---------- RECORDS TO PROCESS
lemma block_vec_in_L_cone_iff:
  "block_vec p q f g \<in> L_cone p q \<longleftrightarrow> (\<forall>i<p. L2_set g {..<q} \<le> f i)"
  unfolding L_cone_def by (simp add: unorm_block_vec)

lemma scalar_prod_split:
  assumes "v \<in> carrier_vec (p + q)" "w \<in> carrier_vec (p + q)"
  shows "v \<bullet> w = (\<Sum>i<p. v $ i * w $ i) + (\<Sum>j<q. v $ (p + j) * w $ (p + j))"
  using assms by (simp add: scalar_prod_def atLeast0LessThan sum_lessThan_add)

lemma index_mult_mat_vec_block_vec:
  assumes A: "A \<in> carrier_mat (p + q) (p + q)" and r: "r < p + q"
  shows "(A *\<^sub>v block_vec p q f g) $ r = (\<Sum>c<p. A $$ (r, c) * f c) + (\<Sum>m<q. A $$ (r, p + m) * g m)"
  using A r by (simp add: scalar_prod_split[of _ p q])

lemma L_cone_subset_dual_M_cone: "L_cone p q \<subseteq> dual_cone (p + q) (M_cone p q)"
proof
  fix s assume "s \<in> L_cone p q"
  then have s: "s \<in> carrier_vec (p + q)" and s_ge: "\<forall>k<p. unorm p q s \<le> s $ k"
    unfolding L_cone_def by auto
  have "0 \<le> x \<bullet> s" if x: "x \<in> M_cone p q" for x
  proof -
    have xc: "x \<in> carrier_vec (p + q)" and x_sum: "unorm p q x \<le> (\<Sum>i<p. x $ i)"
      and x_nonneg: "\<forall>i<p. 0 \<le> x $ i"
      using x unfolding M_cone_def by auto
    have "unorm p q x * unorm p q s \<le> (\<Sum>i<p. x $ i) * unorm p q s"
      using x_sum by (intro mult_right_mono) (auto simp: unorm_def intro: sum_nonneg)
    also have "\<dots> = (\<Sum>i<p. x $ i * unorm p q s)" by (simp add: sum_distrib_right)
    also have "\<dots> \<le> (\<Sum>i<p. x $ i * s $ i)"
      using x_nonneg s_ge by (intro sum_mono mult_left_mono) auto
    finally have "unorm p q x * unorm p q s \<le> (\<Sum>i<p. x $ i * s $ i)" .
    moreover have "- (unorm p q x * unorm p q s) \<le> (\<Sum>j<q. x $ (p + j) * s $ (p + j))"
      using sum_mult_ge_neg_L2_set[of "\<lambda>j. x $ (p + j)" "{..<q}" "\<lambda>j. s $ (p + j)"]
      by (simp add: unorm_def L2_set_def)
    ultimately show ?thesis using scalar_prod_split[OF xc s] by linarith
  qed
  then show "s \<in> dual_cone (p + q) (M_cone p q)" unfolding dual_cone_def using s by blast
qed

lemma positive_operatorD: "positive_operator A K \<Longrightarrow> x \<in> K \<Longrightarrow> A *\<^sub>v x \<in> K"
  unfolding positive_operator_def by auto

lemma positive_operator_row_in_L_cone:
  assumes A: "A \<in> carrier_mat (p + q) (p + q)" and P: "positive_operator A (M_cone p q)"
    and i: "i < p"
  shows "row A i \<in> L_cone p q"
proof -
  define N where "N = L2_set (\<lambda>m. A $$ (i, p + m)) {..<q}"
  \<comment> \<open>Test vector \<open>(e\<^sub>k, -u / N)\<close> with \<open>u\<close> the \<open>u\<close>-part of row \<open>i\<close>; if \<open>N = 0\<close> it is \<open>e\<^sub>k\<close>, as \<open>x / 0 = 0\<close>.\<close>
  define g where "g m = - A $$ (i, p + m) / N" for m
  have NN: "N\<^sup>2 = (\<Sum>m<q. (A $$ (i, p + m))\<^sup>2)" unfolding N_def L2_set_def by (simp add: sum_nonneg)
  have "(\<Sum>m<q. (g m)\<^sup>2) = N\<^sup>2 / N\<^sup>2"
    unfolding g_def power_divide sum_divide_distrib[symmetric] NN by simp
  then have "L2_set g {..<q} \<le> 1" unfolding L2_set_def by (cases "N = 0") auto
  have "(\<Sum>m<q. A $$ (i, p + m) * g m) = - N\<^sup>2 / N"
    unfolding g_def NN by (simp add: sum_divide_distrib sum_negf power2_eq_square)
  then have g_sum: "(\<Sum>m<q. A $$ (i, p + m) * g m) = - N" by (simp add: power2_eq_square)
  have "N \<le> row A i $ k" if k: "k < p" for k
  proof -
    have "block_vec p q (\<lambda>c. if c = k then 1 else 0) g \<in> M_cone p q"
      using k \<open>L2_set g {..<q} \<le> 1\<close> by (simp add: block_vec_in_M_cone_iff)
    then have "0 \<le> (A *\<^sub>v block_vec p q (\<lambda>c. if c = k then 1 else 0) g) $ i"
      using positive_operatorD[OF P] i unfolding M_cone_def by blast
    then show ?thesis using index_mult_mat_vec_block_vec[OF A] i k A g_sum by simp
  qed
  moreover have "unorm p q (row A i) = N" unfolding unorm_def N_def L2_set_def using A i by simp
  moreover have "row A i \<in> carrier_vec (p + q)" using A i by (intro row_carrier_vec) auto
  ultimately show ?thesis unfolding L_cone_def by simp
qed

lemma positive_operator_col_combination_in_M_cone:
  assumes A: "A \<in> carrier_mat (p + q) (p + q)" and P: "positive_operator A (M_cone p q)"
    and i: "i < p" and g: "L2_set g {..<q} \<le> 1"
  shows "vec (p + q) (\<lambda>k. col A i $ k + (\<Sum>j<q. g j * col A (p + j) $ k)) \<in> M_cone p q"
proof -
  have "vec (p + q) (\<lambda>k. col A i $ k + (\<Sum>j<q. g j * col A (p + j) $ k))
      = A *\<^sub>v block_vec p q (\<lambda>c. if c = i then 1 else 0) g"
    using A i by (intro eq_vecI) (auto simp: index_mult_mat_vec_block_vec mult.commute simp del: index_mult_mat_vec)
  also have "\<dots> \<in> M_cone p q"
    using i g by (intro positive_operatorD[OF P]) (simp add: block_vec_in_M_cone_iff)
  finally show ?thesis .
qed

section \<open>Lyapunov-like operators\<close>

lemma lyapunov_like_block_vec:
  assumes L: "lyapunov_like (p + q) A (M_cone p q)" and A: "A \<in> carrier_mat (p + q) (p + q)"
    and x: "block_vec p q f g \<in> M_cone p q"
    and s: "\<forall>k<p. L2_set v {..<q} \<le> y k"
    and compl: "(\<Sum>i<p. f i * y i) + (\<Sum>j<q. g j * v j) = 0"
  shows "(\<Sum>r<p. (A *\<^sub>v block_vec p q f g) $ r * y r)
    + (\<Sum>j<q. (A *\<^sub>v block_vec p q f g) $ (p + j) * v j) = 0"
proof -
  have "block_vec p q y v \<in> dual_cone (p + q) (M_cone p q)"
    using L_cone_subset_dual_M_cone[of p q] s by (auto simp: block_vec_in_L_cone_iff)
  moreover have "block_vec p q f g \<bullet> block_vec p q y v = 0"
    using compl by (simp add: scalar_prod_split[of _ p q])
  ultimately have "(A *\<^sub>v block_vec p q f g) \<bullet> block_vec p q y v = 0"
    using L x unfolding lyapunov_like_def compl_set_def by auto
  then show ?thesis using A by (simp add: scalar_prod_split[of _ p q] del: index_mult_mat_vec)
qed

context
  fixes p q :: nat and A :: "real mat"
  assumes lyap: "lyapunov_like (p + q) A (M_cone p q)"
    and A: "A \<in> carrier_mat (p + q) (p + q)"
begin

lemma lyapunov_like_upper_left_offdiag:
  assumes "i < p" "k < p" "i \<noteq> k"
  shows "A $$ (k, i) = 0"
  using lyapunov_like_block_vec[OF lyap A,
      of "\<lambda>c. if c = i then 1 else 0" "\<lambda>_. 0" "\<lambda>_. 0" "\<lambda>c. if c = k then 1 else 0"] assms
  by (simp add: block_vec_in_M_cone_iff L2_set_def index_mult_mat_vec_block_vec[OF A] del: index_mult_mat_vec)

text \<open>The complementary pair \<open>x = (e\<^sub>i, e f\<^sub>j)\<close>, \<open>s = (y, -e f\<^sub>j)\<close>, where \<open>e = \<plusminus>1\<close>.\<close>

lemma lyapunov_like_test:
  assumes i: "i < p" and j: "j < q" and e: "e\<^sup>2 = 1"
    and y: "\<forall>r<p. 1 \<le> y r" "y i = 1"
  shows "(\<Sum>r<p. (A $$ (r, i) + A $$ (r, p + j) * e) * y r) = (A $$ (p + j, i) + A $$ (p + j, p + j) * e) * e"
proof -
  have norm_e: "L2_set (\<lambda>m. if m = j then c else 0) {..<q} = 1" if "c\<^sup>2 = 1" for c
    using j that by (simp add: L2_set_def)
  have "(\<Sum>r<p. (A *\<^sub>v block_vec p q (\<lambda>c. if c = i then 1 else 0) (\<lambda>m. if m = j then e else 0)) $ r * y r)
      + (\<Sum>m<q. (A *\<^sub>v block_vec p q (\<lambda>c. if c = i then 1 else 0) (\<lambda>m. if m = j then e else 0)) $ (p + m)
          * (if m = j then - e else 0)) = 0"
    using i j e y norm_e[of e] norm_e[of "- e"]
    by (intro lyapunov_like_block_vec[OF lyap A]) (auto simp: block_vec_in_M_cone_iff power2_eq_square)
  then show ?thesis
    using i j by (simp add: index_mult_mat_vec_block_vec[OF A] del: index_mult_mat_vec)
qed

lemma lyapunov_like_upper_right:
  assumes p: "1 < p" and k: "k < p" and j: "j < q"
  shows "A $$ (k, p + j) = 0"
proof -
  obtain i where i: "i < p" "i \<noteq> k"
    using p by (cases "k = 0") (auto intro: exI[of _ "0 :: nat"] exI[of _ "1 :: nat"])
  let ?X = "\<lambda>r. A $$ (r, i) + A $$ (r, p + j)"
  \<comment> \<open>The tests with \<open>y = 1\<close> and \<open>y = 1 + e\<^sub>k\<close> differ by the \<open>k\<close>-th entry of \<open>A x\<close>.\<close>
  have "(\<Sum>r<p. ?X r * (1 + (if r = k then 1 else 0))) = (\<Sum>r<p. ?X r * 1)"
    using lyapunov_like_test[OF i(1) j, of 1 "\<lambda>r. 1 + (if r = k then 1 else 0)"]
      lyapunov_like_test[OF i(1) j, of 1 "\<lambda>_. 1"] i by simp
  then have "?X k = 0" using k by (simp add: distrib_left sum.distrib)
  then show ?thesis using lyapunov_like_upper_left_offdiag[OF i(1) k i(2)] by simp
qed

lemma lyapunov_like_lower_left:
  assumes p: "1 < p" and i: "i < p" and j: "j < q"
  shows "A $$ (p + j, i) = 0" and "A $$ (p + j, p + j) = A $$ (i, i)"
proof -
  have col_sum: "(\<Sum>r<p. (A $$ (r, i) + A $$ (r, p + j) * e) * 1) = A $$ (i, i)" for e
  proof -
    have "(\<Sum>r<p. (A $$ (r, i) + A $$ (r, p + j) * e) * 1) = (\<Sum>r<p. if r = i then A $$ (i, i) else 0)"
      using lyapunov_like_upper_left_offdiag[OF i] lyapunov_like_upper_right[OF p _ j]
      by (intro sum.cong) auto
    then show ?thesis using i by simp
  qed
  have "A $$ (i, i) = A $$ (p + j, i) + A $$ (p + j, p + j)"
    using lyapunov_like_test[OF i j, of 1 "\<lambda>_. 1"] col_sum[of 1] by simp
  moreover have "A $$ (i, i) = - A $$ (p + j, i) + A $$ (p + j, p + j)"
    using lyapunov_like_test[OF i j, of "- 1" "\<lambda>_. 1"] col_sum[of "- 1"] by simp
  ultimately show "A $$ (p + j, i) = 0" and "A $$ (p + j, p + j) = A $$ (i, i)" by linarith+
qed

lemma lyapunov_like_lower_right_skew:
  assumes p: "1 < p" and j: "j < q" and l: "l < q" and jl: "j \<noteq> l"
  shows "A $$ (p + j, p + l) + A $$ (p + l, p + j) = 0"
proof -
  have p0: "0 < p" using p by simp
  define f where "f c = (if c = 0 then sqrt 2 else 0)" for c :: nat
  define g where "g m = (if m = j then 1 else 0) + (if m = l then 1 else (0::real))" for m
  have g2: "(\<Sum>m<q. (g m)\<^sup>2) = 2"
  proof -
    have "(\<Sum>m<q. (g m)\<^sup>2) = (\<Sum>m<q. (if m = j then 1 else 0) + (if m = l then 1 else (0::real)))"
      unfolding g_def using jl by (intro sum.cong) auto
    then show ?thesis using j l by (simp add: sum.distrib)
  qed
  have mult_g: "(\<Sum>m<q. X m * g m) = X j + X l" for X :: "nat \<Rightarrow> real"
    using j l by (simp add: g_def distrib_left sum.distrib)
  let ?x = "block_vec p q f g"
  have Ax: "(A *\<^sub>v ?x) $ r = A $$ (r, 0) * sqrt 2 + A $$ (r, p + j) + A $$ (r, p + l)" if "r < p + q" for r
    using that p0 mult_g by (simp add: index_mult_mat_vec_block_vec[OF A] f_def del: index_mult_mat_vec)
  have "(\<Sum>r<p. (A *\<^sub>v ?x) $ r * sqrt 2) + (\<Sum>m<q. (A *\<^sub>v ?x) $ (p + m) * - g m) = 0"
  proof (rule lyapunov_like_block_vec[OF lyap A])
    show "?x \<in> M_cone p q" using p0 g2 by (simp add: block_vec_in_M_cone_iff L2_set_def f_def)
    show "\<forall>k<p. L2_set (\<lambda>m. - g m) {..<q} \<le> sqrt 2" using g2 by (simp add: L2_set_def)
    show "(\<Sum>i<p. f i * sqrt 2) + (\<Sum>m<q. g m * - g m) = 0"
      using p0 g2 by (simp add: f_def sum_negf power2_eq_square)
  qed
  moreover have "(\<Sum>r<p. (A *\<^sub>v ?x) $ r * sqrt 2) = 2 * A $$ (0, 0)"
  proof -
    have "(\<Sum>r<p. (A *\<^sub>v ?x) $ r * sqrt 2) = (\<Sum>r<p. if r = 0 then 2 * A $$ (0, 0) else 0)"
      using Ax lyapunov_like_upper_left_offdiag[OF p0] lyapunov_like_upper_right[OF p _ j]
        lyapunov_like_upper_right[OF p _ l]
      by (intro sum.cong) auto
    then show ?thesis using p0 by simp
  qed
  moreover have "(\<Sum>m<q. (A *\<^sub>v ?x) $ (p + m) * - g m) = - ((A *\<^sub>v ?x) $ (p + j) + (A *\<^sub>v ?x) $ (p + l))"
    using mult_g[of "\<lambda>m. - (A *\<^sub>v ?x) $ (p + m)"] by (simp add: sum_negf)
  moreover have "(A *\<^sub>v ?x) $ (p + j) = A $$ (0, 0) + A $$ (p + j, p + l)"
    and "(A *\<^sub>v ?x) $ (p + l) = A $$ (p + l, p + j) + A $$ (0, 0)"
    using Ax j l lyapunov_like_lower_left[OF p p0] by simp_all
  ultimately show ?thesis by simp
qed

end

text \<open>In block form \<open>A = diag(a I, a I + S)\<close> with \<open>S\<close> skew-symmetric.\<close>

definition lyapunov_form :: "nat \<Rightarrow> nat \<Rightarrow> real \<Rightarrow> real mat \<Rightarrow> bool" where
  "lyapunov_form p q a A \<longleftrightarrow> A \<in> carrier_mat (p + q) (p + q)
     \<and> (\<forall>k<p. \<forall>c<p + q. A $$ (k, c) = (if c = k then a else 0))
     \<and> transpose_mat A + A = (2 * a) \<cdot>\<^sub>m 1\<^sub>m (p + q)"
--------------------
▸ **EXERCISE DETAILS**: Using the records above, pull out each line where the word "blast" occurs.

▸ **SOLUTION TO THIS PROBLEM**:
  then show "s \<in> dual_cone (p + q) (M_cone p q)" unfolding dual_cone_def using s by blast
      using positive_operatorD[OF P] i unfolding M_cone_def by blast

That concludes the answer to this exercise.